(Stored data entries)
★ ★ ★ ★ ★ ★ ★
(* The total codeword length on diagonal s = 2^t - 1 + r, read off from the length profile:
   the short and long codewords together cover the s+1 pairs of the diagonal. *)
lemma diagonal_length_count:
  fixes C :: "nat \<times> nat \<Rightarrow> bool list"
  assumes lengths: "Cinf_lengths C" and s: "s = 2 ^ t - 1 + r" and r: "r \<le> 2 ^ t - 1"
  shows "(\<Sum>i\<le>s. real (length (C (i, s - i))))
           = real (s + 1) * of_int (short_len t s r) + real (2 * r + 1)"
proof -
  define L where "L = short_len t s r"
  define D where "D = {(i, j). i + j = s}"
  define S1 where "S1 = {(i, j). i + j = s \<and> int (length (C (i, j))) = L}"
  define S2 where "S2 = {(i, j). i + j = s \<and> int (length (C (i, j))) = L + 1}"
  have card1: "card S1 = 2 ^ t - 1 - r" and card2: "card S2 = 2 * r + 1"
    using lengths s r unfolding Cinf_lengths_def S1_def S2_def L_def by blast+
  have D_image: "D = (\<lambda>i. (i, s - i)) ` {..s}"
    unfolding D_def by (auto simp: image_iff)
  have inj: "inj_on (\<lambda>i. (i, s - i)) {..s}"
    by (auto intro: inj_onI)
  have finD: "finite D" and cardD: "card D = s + 1"
    unfolding D_image using card_image[OF inj] by simp_all
  have sub: "S1 \<union> S2 \<subseteq> D" and disj: "S1 \<inter> S2 = {}"
    unfolding S1_def S2_def D_def by auto
  have fin1: "finite S1" and fin2: "finite S2"
    using sub finD finite_subset by blast+
  have "(1::nat) \<le> 2 ^ t" by simp
  with r have "Suc r \<le> 2 ^ t" by linarith
  then have card_sum: "card S1 + card S2 = s + 1"
    unfolding card1 card2 using s r by linarith
  then have "card (S1 \<union> S2) = card D"
    using card_Un_disjoint[OF fin1 fin2 disj] cardD by simp
  then have cover: "S1 \<union> S2 = D"
    using card_subset_eq[OF finD sub] by simp
  have "(\<Sum>i\<le>s. real (length (C (i, s - i)))) = (\<Sum>p\<in>D. real (length (C p)))"
    unfolding D_image by (simp add: sum.reindex[OF inj])
  also have "\<dots> = (\<Sum>p\<in>S1. real (length (C p))) + (\<Sum>p\<in>S2. real (length (C p)))"
    unfolding cover[symmetric] by (rule sum.union_disjoint[OF fin1 fin2 disj])
  also have "\<dots> = (\<Sum>p\<in>S1. of_int L) + (\<Sum>p\<in>S2. of_int L + 1)"
  proof (intro arg_cong2[where f = "(+)"] sum.cong refl)
    show "real (length (C p)) = of_int L" if "p \<in> S1" for p
    proof -
      have "int (length (C p)) = L" using that unfolding S1_def by auto
      from this[symmetric] show ?thesis by simp
    qed
    show "real (length (C p)) = of_int L + 1" if "p \<in> S2" for p
    proof -
      have "int (length (C p)) = L + 1" using that unfolding S2_def by auto
      from this[symmetric] show ?thesis by simp
    qed
  qed
  also have "\<dots> = real (card S1 + card S2) * of_int L + real (card S2)"
    by (simp add: algebra_simps)
  also have "\<dots> = real (s + 1) * of_int L + real (2 * r + 1)"
    by (subst card_sum) (simp only: card2)
  finally show ?thesis
    unfolding L_def .
qed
★ ★ ★ ★ ★ ★ ★
**Task directions:** Nothing should appear in the answer except the lines above from the line with "the short and" through the line with "(S1 \<union> S2)", both included, written out exactly.

**Answer:**
   the short and long codewords together cover the s+1 pairs of the diagonal. *)
lemma diagonal_length_count:
  fixes C :: "nat \<times> nat \<Rightarrow> bool list"
  assumes lengths: "Cinf_lengths C" and s: "s = 2 ^ t - 1 + r" and r: "r \<le> 2 ^ t - 1"
  shows "(\<Sum>i\<le>s. real (length (C (i, s - i))))
           = real (s + 1) * of_int (short_len t s r) + real (2 * r + 1)"
proof -
  define L where "L = short_len t s r"
  define D where "D = {(i, j). i + j = s}"
  define S1 where "S1 = {(i, j). i + j = s \<and> int (length (C (i, j))) = L}"
  define S2 where "S2 = {(i, j). i + j = s \<and> int (length (C (i, j))) = L + 1}"
  have card1: "card S1 = 2 ^ t - 1 - r" and card2: "card S2 = 2 * r + 1"
    using lengths s r unfolding Cinf_lengths_def S1_def S2_def L_def by blast+
  have D_image: "D = (\<lambda>i. (i, s - i)) ` {..s}"
    unfolding D_def by (auto simp: image_iff)
  have inj: "inj_on (\<lambda>i. (i, s - i)) {..s}"
    by (auto intro: inj_onI)
  have finD: "finite D" and cardD: "card D = s + 1"
    unfolding D_image using card_image[OF inj] by simp_all
  have sub: "S1 \<union> S2 \<subseteq> D" and disj: "S1 \<inter> S2 = {}"
    unfolding S1_def S2_def D_def by auto
  have fin1: "finite S1" and fin2: "finite S2"
    using sub finD finite_subset by blast+
  have "(1::nat) \<le> 2 ^ t" by simp
  with r have "Suc r \<le> 2 ^ t" by linarith
  then have card_sum: "card S1 + card S2 = s + 1"
    unfolding card1 card2 using s r by linarith
  then have "card (S1 \<union> S2) = card D"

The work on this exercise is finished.